Yes, It’s True: Kids Are Tablet Fiends. And Gaming Apps Are The Winners

Ingrid Lunden

Ingrid is a reporter for TechCrunch, joining February 2012, based out of London. She comes from paidContent.org, where she was a staff writer, and has in the past also written freelance regularly for other publications such as the Financial Times. Ingrid covers mobile, digital media, advertising and the spaces where these intersect. When it comes to work, she feels most... → Learn More

Thursday, February 16th, 2012
kids on tablets

If you own a tablet and have children, chances are that this will not come as news to you. For those who don’t but work in mobile, it’s something worth remembering when you’re concocting up your next big product: Kids are crazy about tablets.

According to some research out today from Nielsen in the U.S., in households that own a tablet, seven out of 10 children under the age of 12 use them. That usage is on the rise: those numbers are for Q4 2011, and are a nine percent increase on the quarter before.

We’ve seen a lot of moves already from large companies looking to court kids in the tablet space.
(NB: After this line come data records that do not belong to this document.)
lemma sgn1_xor: "sgn1 (p \<noteq> q) = sgn1 p * sgn1 q"
  by (simp add: sgn1_def)

lemma cnj_sgn1 [simp]: "cnj (sgn1 b) = sgn1 b"
  by (simp add: sgn1_def)

lemma sgn1_dotp_eq_prod:
  "length x = length y \<Longrightarrow> sgn1 (dotp x y) = (\<Prod>i<length x. if x ! i \<and> y ! i then -1 else 1)"
proof (induction x y rule: list_induct2)
  case Nil
  then show ?case by (simp add: sgn1_def)
next
  case (Cons a x b y)
  then show ?case
    by (simp only: length_Cons prod.lessThan_Suc_shift nth_Cons_0 nth_Cons_Suc dotp_Cons sgn1_xor)
       (simp add: sgn1_def)
qed

lemma power_wt_eq_prod: "z ^ wt x = (\<Prod>i<length x. if x ! i then z else 1)"
  by (induction x) (auto simp: wt_def prod.lessThan_Suc_shift simp del: prod.lessThan_Suc)

lemma sum_sgn1_dotp:
  assumes "a \<in> bitvecs n"
  shows "(\<Sum>w\<in>bitvecs n. sgn1 (dotp w a)) = (if a = zeros n then 2 ^ n else 0)"
proof -
  have len: "length a = n"
    using assms by (simp add: bitvecs_def)
  have "(\<Sum>w\<in>bitvecs n. sgn1 (dotp w a))
      = (\<Sum>w\<in>bitvecs n. \<Prod>i<n. (\<lambda>i b. if b \<and> a ! i then -1 else 1 :: complex) i (w ! i))"
    by (rule sum.cong) (auto simp: sgn1_dotp_eq_prod len bitvecs_def)
  also have "\<dots> = (\<Prod>i<n. if a ! i then 0 else 2)"
    by (subst sum_bitvecs_prod) (rule prod.cong, auto)
  also have "\<dots> = (if a = zeros n then 2 ^ n else 0)"
  proof (cases "a = zeros n")
    case False
    then obtain i where "i < n" "a ! i"
      using len by (metis (full_types) length_replicate nth_equalityI nth_replicate zeros_def)
    then show ?thesis
      using False by (auto intro: prod_zero)
  qed simp
  finally show ?thesis .
qed

definition inv_sqrt2 :: complex where
  "inv_sqrt2 = complex_of_real (1 / sqrt 2)"

lemma inv_sqrt2_power: "inv_sqrt2 ^ n = complex_of_real (1 / sqrt (2 ^ n))"
  by (simp add: inv_sqrt2_def real_sqrt_power power_divide)

lemma inv_sqrt2_power_square: "inv_sqrt2 ^ n * inv_sqrt2 ^ n * 2 ^ n = 1"
proof -
  have "inv_sqrt2 * inv_sqrt2 * 2 = 1"
    by (simp add: inv_sqrt2_def flip: of_real_mult)
  then show ?thesis
    by (metis power_mult_distrib power_one)
qed

definition phase_hadamard :: "complex \<Rightarrow> bool \<Rightarrow> bool \<Rightarrow> complex" where
  "phase_hadamard z r c = (if c then (if r then - z else z) else 1) / complex_of_real (sqrt 2)"

lemma Hgate_eq_phase_hadamard: "Hgate = phase_hadamard 1"
  by (intro ext) (simp add: Hgate_def phase_hadamard_def)

lemma Omega_eq_phase_hadamard: "Omega m = phase_hadamard (zeta m)"
  by (intro ext) (simp add: Omega_def phase_hadamard_def)

lemma Omegabar_eq_phase_hadamard: "Omegabar m = phase_hadamard (cnj (zeta m))"
  by (intro ext) (simp add: Omegabar_def phase_hadamard_def)

lemma prod_phase_hadamard:
  assumes "length a = n" "length b = n"
  shows "(\<Prod>i<n. phase_hadamard z (a ! i) (b ! i)) = inv_sqrt2 ^ n * z ^ wt b * sgn1 (dotp a b)"
proof -
  have "(\<Prod>i<n. phase_hadamard z (a ! i) (b ! i))
      = (\<Prod>i<n. inv_sqrt2 * (if b ! i then z else 1) * (if a ! i \<and> b ! i then -1 else 1))"
    by (rule prod.cong) (auto simp: phase_hadamard_def inv_sqrt2_def)
  then show ?thesis
    using assms by (simp add: prod.distrib sgn1_dotp_eq_prod power_wt_eq_prod)
qed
They include companies like Amazon moving into children’s publishing to boost kids’ content for their Kindles. And Apple has also been stepping up, in January laying claim to 20,000 educational apps in the App Store, and 1.5 million iPads being used in schools.
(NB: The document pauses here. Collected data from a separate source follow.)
lemma bn_expect_Suc:
  assumes "m < n"
  shows "bn_expect (Suc m) pa cp h = (\<Sum>y\<in>Pow {1..m}. bn_prob m pa cp y *
      ((1 - cp (Suc m) (y \<inter> pa (Suc m))) * h y + cp (Suc m) (y \<inter> pa (Suc m)) * h (insert (Suc m) y)))"
proof -
  have "{1..Suc m} = insert (Suc m) {1..m}"
    by auto
  then have "bn_expect (Suc m) pa cp h = (\<Sum>y\<in>Pow {1..m}.
      bn_prob (Suc m) pa cp y * h y + bn_prob (Suc m) pa cp (insert (Suc m) y) * h (insert (Suc m) y))"
    unfolding bn_expect_def by (simp add: sum_Pow_insert)
  also have "\<dots> = (\<Sum>y\<in>Pow {1..m}. bn_prob m pa cp y *
      ((1 - cp (Suc m) (y \<inter> pa (Suc m))) * h y + cp (Suc m) (y \<inter> pa (Suc m)) * h (insert (Suc m) y)))"
  proof (intro sum.cong refl)
    fix y assume "y \<in> Pow {1..m}"
    then have y: "y \<subseteq> {1..m}"
      by simp
    show "bn_prob (Suc m) pa cp y * h y + bn_prob (Suc m) pa cp (insert (Suc m) y) * h (insert (Suc m) y)
      = bn_prob m pa cp y * ((1 - cp (Suc m) (y \<inter> pa (Suc m))) * h y
          + cp (Suc m) (y \<inter> pa (Suc m)) * h (insert (Suc m) y))"
      unfolding bn_prob_Suc[OF assms y] by (simp add: algebra_simps)
  qed
  finally show ?thesis .
qed

lemma bn_phiS_split_last:
  assumes "m < n" "S \<subseteq> {1..Suc m}" "y \<subseteq> {1..m}"
    and \<mu>: "\<mu> = cp (Suc m) (y \<inter> pa (Suc m))"
  shows "bn_phiS pa cp S y
      = bn_phiS pa cp (S - {Suc m}) y * (if Suc m \<in> S then - \<mu> / sqrt (\<mu> * (1 - \<mu>)) else 1)"
    and "bn_phiS pa cp S (insert (Suc m) y)
      = bn_phiS pa cp (S - {Suc m}) y * (if Suc m \<in> S then (1 - \<mu>) / sqrt (\<mu> * (1 - \<mu>)) else 1)"
proof -
  have "finite S"
    using assms(2) finite_subset by blast
  then have split: "bn_phiS pa cp S x
      = bn_phiS pa cp (S - {Suc m}) x * (if Suc m \<in> S then bn_phi pa cp (Suc m) x else 1)" for x
    by (cases "Suc m \<in> S") (simp_all add: bn_phiS_def prod.remove mult.commute)
  have "bn_phiS pa cp (S - {Suc m}) (insert (Suc m) y) = bn_phiS pa cp (S - {Suc m}) y"
  proof (rule bn_phiS_cong)
    fix v assume "v \<in> S - {Suc m}"
    then have "v \<in> {1..m}"
      using assms(2) by auto
    then show "insert (Suc m) y \<inter> insert v (pa v) = y \<inter> insert v (pa v)"
      using parents_before[of v] assms(1) by auto
  qed
  moreover have "Suc m \<notin> y" "Suc m \<notin> pa (Suc m)"
    using parents_before[of "Suc m"] assms by auto
  ultimately show "bn_phiS pa cp S y
      = bn_phiS pa cp (S - {Suc m}) y * (if Suc m \<in> S then - \<mu> / sqrt (\<mu> * (1 - \<mu>)) else 1)"
    and "bn_phiS pa cp S (insert (Suc m) y)
      = bn_phiS pa cp (S - {Suc m}) y * (if Suc m \<in> S then (1 - \<mu>) / sqrt (\<mu> * (1 - \<mu>)) else 1)"
    unfolding split by (simp_all add: bn_phi_def bn_sigma_def bn_mu_def \<mu>)
qed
But while that sounds very high and noble, this is not, by a country mile, the most popular content, according to Nielsen. That honor goes to games, with 77 percent of kids playing things like “Angry Birds” (my son’s favorite) or the knock-off “Cut the Birds” (my daughter’s). Educational apps come only second at 55 percent.

Tablets are also, it seems, joining games consoles, books and toys as distractions for kids when they are taken out in public: 55 percent of parents say that kids use their tablets while traveling; 41 percent use them in restaurants.
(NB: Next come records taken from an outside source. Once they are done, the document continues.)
(* Let $G$ be a finite group. There exists a (non-unique) map of operads $\mathcal{SM}_{\varnothing}\to\varepsilon^*\mathscr{P}$, and any such map is a levelwise $(G\times\Sigma_\bullet)$-equivalence: for every $n$ and every subgroup $\Lambda\subseteq G\times\Sigma_n$, the induced functor on $\Lambda$-fixed subcategories is an equivalence of categories.
   Context: For a set $X$, $\widetilde X$ is the chaotic category on $X$ (exactly one morphism between any two objects), applied levelwise to operads. $\mathcal{SM}_\varnothing=\widetilde{\mathbb{F}(S)}$ where $\mathbb{F}$ is the free operad functor on symmetric sequences of $G$-sets and $S=(G\times\Sigma_0)/(G\times1)\sqcup(G\times\Sigma_2)/(G\times1)$ (this is the operad $\mathcal{SM}_{\mathbf{O}(\underline{\mathrm{triv}})}$ associated to the minimal indexing system, which has no nontrivial orbits). $\mathscr{P}=\widetilde{\Sigma_\bullet}$ is the nonequivariant permutativity (Barratt–Eccles) operad, the chaotification of the associative operad $\Sigma_\bullet$ with $\Sigma_n$ acting by left multiplication, and $\varepsilon^*\mathscr{P}$ is $\mathscr{P}$ with trivial $G$-action. *)

theory Defs
  imports "HOL-Algebra.Sym_Groups"
begin

record ('o, 'm) category =
  Obj :: "'o set"
  Arr :: "'m set"
  Dom :: "'m \<Rightarrow> 'o"
  Cod :: "'m \<Rightarrow> 'o"
  Idm :: "'o \<Rightarrow> 'm"
  Cmp :: "'m \<Rightarrow> 'm \<Rightarrow> 'm"   (* Cmp C g f = g after f *)

record ('o, 'm, 'p, 'n) cfunctor =
  fo :: "'o \<Rightarrow> 'p"
  fm :: "'m \<Rightarrow> 'n"

definition is_functor :: "('o,'m) category \<Rightarrow> ('p,'n) category \<Rightarrow> ('o,'m,'p,'n) cfunctor \<Rightarrow> bool" where
  "is_functor C D F \<longleftrightarrow>
     (\<forall>x\<in>Obj C. fo F x \<in> Obj D) \<and>
     (\<forall>f\<in>Arr C. fm F f \<in> Arr D \<and> Dom D (fm F f) = fo F (Dom C f) \<and> Cod D (fm F f) = fo F (Cod C f)) \<and>
     (\<forall>x\<in>Obj C. fm F (Idm C x) = Idm D (fo F x)) \<and>
     (\<forall>f\<in>Arr C. \<forall>g\<in>Arr C. Dom C g = Cod C f \<longrightarrow> fm F (Cmp C g f) = Cmp D (fm F g) (fm F f))"

definition id_functor :: "('o,'m,'o,'m) cfunctor" where
  "id_functor = \<lparr>fo = id, fm = id\<rparr>"

definition comp_functor :: "('p,'n,'q,'l) cfunctor \<Rightarrow> ('o,'m,'p,'n) cfunctor \<Rightarrow> ('o,'m,'q,'l) cfunctor" where
  "comp_functor H F = \<lparr>fo = fo H \<circ> fo F, fm = fm H \<circ> fm F\<rparr>"

definition iso_arr :: "('o,'m) category \<Rightarrow> 'm \<Rightarrow> bool" where
  "iso_arr C f \<longleftrightarrow> f \<in> Arr C \<and>
     (\<exists>g\<in>Arr C. Dom C g = Cod C f \<and> Cod C g = Dom C f \<and>
        Cmp C g f = Idm C (Dom C f) \<and> Cmp C f g = Idm C (Cod C f))"

definition nat_iso :: "('o,'m) category \<Rightarrow> ('p,'n) category \<Rightarrow> ('o,'m,'p,'n) cfunctor
    \<Rightarrow> ('o,'m,'p,'n) cfunctor \<Rightarrow> ('o \<Rightarrow> 'n) \<Rightarrow> bool" where
  "nat_iso C D F1 F2 \<eta> \<longleftrightarrow>
     (\<forall>x\<in>Obj C. iso_arr D (\<eta> x) \<and> Dom D (\<eta> x) = fo F1 x \<and> Cod D (\<eta> x) = fo F2 x) \<and>
     (\<forall>f\<in>Arr C. Cmp D (\<eta> (Cod C f)) (fm F1 f) = Cmp D (fm F2 f) (\<eta> (Dom C f)))"

definition cat_equiv :: "('o,'m) category \<Rightarrow> ('p,'n) category \<Rightarrow> ('o,'m,'p,'n) cfunctor \<Rightarrow> bool" where
  "cat_equiv C D F \<longleftrightarrow> is_functor C D F \<and>
     (\<exists>H \<eta> \<epsilon>. is_functor D C H \<and>
        nat_iso C C id_functor (comp_functor H F) \<eta> \<and>
        nat_iso D D (comp_functor F H) id_functor \<epsilon>)"

definition fixed_subcat :: "('o,'m) category \<Rightarrow> ('a \<Rightarrow> ('o,'m,'o,'m) cfunctor) \<Rightarrow> 'a set \<Rightarrow> ('o,'m) category" where
  "fixed_subcat C act L = C\<lparr> Obj := {x\<in>Obj C. \<forall>l\<in>L. fo (act l) x = x},
                            Arr := {f\<in>Arr C. \<forall>l\<in>L. fm (act l) f = f} \<rparr>"

definition chaotic :: "'o set \<Rightarrow> ('o, 'o \<times> 'o) category" where
  "chaotic X = \<lparr>Obj = X, Arr = X \<times> X, Dom = fst, Cod = snd,
                Idm = (\<lambda>x. (x, x)), Cmp = (\<lambda>g f. (fst f, snd g))\<rparr>"

definition chaotic_fun :: "('o \<Rightarrow> 'p) \<Rightarrow> ('o, 'o \<times> 'o, 'p, 'p \<times> 'p) cfunctor" where
  "chaotic_fun h = \<lparr>fo = h, fm = map_prod h h\<rparr>"

(* Lev n = the category O(n); Act n l = action of l in G x Sigma_n;
   Gam_o / Gam_m = operadic composition gamma on objects / morphisms; Unit = unit object *)
record ('a, 'o, 'm) cat_operad =
  Lev :: "nat \<Rightarrow> ('o,'m) category"
  Act :: "nat \<Rightarrow> 'a \<Rightarrow> ('o,'m,'o,'m) cfunctor"
  Gam_o :: "'o \<Rightarrow> 'o list \<Rightarrow> 'o"
  Gam_m :: "'m \<Rightarrow> 'm list \<Rightarrow> 'm"
  Unit :: "'o"

definition operad_map :: "('g,'b) monoid_scheme
    \<Rightarrow> ('g \<times> (nat \<Rightarrow> nat), 'o, 'm) cat_operad \<Rightarrow> ('g \<times> (nat \<Rightarrow> nat), 'p, 'n) cat_operad
    \<Rightarrow> (nat \<Rightarrow> ('o,'m,'p,'n) cfunctor) \<Rightarrow> bool" where
  "operad_map G Op Qp F \<longleftrightarrow>
     (\<forall>n. is_functor (Lev Op n) (Lev Qp n) (F n)) \<and>
     (\<forall>n. \<forall>l\<in>carrier (G \<times>\<times> sym_group n).
        (\<forall>x\<in>Obj (Lev Op n). fo (F n) (fo (Act Op n l) x) = fo (Act Qp n l) (fo (F n) x)) \<and>
        (\<forall>f\<in>Arr (Lev Op n). fm (F n) (fm (Act Op n l) f) = fm (Act Qp n l) (fm (F n) f))) \<and>
     (\<forall>k js x xs. length js = k \<and> length xs = k \<and> x \<in> Obj (Lev Op k) \<and>
        (\<forall>i<k. xs ! i \<in> Obj (Lev Op (js ! i))) \<longrightarrow>
        fo (F (sum_list js)) (Gam_o Op x xs) = Gam_o Qp (fo (F k) x) (map2 (\<lambda>j y. fo (F j) y) js xs)) \<and>
     (\<forall>k js f fs. length js = k \<and> length fs = k \<and> f \<in> Arr (Lev Op k) \<and>
        (\<forall>i<k. fs ! i \<in> Arr (Lev Op (js ! i))) \<longrightarrow>
        fm (F (sum_list js)) (Gam_m Op f fs) = Gam_m Qp (fm (F k) f) (map2 (\<lambda>j g. fm (F j) g) js fs)) \<and>
     fo (F 1) (Unit Op) = Unit Qp"

definition chaotic_operad :: "(nat \<Rightarrow> 'o set) \<Rightarrow> (nat \<Rightarrow> 'a \<Rightarrow> 'o \<Rightarrow> 'o)
    \<Rightarrow> ('o \<Rightarrow> 'o list \<Rightarrow> 'o) \<Rightarrow> 'o \<Rightarrow> ('a, 'o, 'o \<times> 'o) cat_operad" where
  "chaotic_operad A act gam u =
     \<lparr>Lev = (\<lambda>n. chaotic (A n)), Act = (\<lambda>n l. chaotic_fun (act n l)), Gam_o = gam,
      Gam_m = (\<lambda>f fs. (gam (fst f) (map fst fs), gam (snd f) (map snd fs))), Unit = u\<rparr>"

section \<open>The free operad F(S): trees with one nullary and one (Sigma_2-free) binary generator\<close>

datatype tr = Lf nat | Nul | Bin tr tr

fun leaves :: "tr \<Rightarrow> nat list" where
  "leaves (Lf i) = [i]" | "leaves Nul = []" | "leaves (Bin a b) = leaves a @ leaves b"

fun relabel :: "(nat \<Rightarrow> nat) \<Rightarrow> tr \<Rightarrow> tr" where
  "relabel s (Lf i) = Lf (s i)" | "relabel s Nul = Nul" | "relabel s (Bin a b) = Bin (relabel s a) (relabel s b)"

fun subst_tr :: "(nat \<Rightarrow> tr) \<Rightarrow> tr \<Rightarrow> tr" where
  "subst_tr f (Lf i) = f i" | "subst_tr f Nul = Nul" | "subst_tr f (Bin a b) = Bin (subst_tr f a) (subst_tr f b)"

definition free_ar :: "nat \<Rightarrow> tr set" where
  "free_ar n = {t. distinct (leaves t) \<and> set (leaves t) = {1..n}}"

definition tr_off :: "tr list \<Rightarrow> nat \<Rightarrow> nat" where
  "tr_off ss i = sum_list (map (\<lambda>s. length (leaves s)) (take (i - 1) ss))"

definition tr_gamma :: "tr \<Rightarrow> tr list \<Rightarrow> tr" where
  "tr_gamma t ss = subst_tr (\<lambda>i. relabel (\<lambda>r. tr_off ss i + r) (ss ! (i - 1))) t"

definition SM_empty :: "('g \<times> (nat \<Rightarrow> nat), tr, tr \<times> tr) cat_operad" where
  "SM_empty = chaotic_operad free_ar (\<lambda>n (g, \<sigma>). relabel \<sigma>) tr_gamma (Lf 1)"

(* Sigma_n represented by words w = [tau 1, ..., tau n]; the left multiplication sigma.tau is map sigma w *)
definition perm_ar :: "nat \<Rightarrow> nat list set" where
  "perm_ar n = {w. distinct w \<and> set w = {1..n}}"

definition w_off :: "nat list list \<Rightarrow> nat \<Rightarrow> nat" where
  "w_off ws i = sum_list (map length (take (i - 1) ws))"

(* associative operad composition: replace letter i of w by the shifted word w_i *)
definition w_gamma :: "nat list \<Rightarrow> nat list list \<Rightarrow> nat list" where
  "w_gamma w ws = concat (map (\<lambda>i. map (\<lambda>r. w_off ws i + r) (ws ! (i - 1))) w)"

definition eps_P :: "('g \<times> (nat \<Rightarrow> nat), nat list, nat list \<times> nat list) cat_operad" where
  "eps_P = chaotic_operad perm_ar (\<lambda>n (g, \<sigma>). map \<sigma>) w_gamma [1]"

end

theory Submission
  imports Defs
begin

text \<open>Both operads are chaotifications, so a functor between their levels is determined by its
map on objects, the \<open>\<Lambda>\<close>-fixed subcategories are chaotic on the \<open>\<Lambda>\<close>-fixed sets, and a functor
between chaotic categories is an equivalence as soon as its source is nonempty whenever its
target is. Since \<open>\<Sigma>\<^sub>n\<close> acts freely on itself, \<open>\<P>(n)\<close> has \<open>\<Lambda>\<close>-fixed points only when \<open>\<Lambda>\<close> acts
trivially on labels, and then every tree, e.g. a left comb, is fixed. Reading the leaves of a
tree from left to right, or from right to left, gives two different operad maps.\<close>

lemma is_functor_chaotic_iff:
  "is_functor (chaotic X) (chaotic Y) F \<longleftrightarrow>
     fo F ` X \<subseteq> Y \<and> (\<forall>f\<in>X \<times> X. fm F f = map_prod (fo F) (fo F) f)"
  unfolding is_functor_def chaotic_def by (auto simp: prod_eq_iff mem_Times_iff)

lemma is_functor_chaotic_restrict:
  assumes "is_functor (chaotic X) (chaotic Y) F" and "X' \<subseteq> X" and "fo F ` X' \<subseteq> Y'"
  shows "is_functor (chaotic X') (chaotic Y') F"
  using assms unfolding is_functor_chaotic_iff by blast

lemma chaotic_equiv:
  assumes F: "is_functor (chaotic X) (chaotic Y) F" and nonempty: "Y \<noteq> {} \<Longrightarrow> X \<noteq> {}"
  shows "cat_equiv (chaotic X) (chaotic Y) F"
proof (cases "X = {}")
  case True
  with nonempty have "Y = {}" by blast
  let ?H = "\<lparr>fo = (\<lambda>y. undefined), fm = (\<lambda>f. undefined)\<rparr> :: ('b, 'b \<times> 'b, 'a, 'a \<times> 'a) cfunctor"
  have "is_functor (chaotic Y) (chaotic X) ?H"
    and "nat_iso (chaotic X) (chaotic X) id_functor (comp_functor ?H F) (\<lambda>x. undefined)"
    and "nat_iso (chaotic Y) (chaotic Y) (comp_functor F ?H) id_functor (\<lambda>x. undefined)"
    using True \<open>Y = {}\<close> by (simp_all add: is_functor_def nat_iso_def chaotic_def)
  with F show ?thesis unfolding cat_equiv_def by blast
next
  case False
  then obtain x0 where x0: "x0 \<in> X" by blast
  have Fo: "fo F ` X \<subseteq> Y" and Fm: "\<And>f. f \<in> X \<times> X \<Longrightarrow> fm F f = map_prod (fo F) (fo F) f"
    using F unfolding is_functor_chaotic_iff by auto
  let ?H = "chaotic_fun (\<lambda>y. x0) :: ('b, 'b \<times> 'b, 'a, 'a \<times> 'a) cfunctor"
  have H: "is_functor (chaotic Y) (chaotic X) ?H"
    using x0 by (auto simp: is_functor_chaotic_iff chaotic_fun_def)
  have \<eta>: "nat_iso (chaotic X) (chaotic X) id_functor (comp_functor ?H F) (\<lambda>x. (x, x0))"
    using x0 unfolding nat_iso_def iso_arr_def chaotic_def id_functor_def comp_functor_def chaotic_fun_def
    by force
  have "fm F (x0, x0) = (fo F x0, fo F x0)" and "fo F x0 \<in> Y"
    using Fm[of "(x0, x0)"] Fo x0 by auto
  then have \<epsilon>: "nat_iso (chaotic Y) (chaotic Y) (comp_functor F ?H) id_functor (\<lambda>y. (fo F x0, y))"
    unfolding nat_iso_def iso_arr_def chaotic_def id_functor_def comp_functor_def chaotic_fun_def
    by force
  show ?thesis unfolding cat_equiv_def using F H \<eta> \<epsilon> by blast
qed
Finally, Nielsen observes that most of children’s tablet use is about solitary entertainment: only 15 percent of kids use them for communicating with friends and family. That could spell an opportunity for someone.

(Image: flickingerbrad on Flickr)


Company: Nielsen
Website: nielsen.com
Launch Date: 1922
IPO: NLSN

Nielsen is a leading global provider of information and insights into what consumers watch and buy. Nielsen is a information and measurement company with leading market positions in marketing and consumer information, television and other media measurement, online intelligence, mobile measurement, trade shows and related properties. Nielsen has a presence in approximately 100 countries, with headquarters in New York, USA and Diemen, the Netherlands.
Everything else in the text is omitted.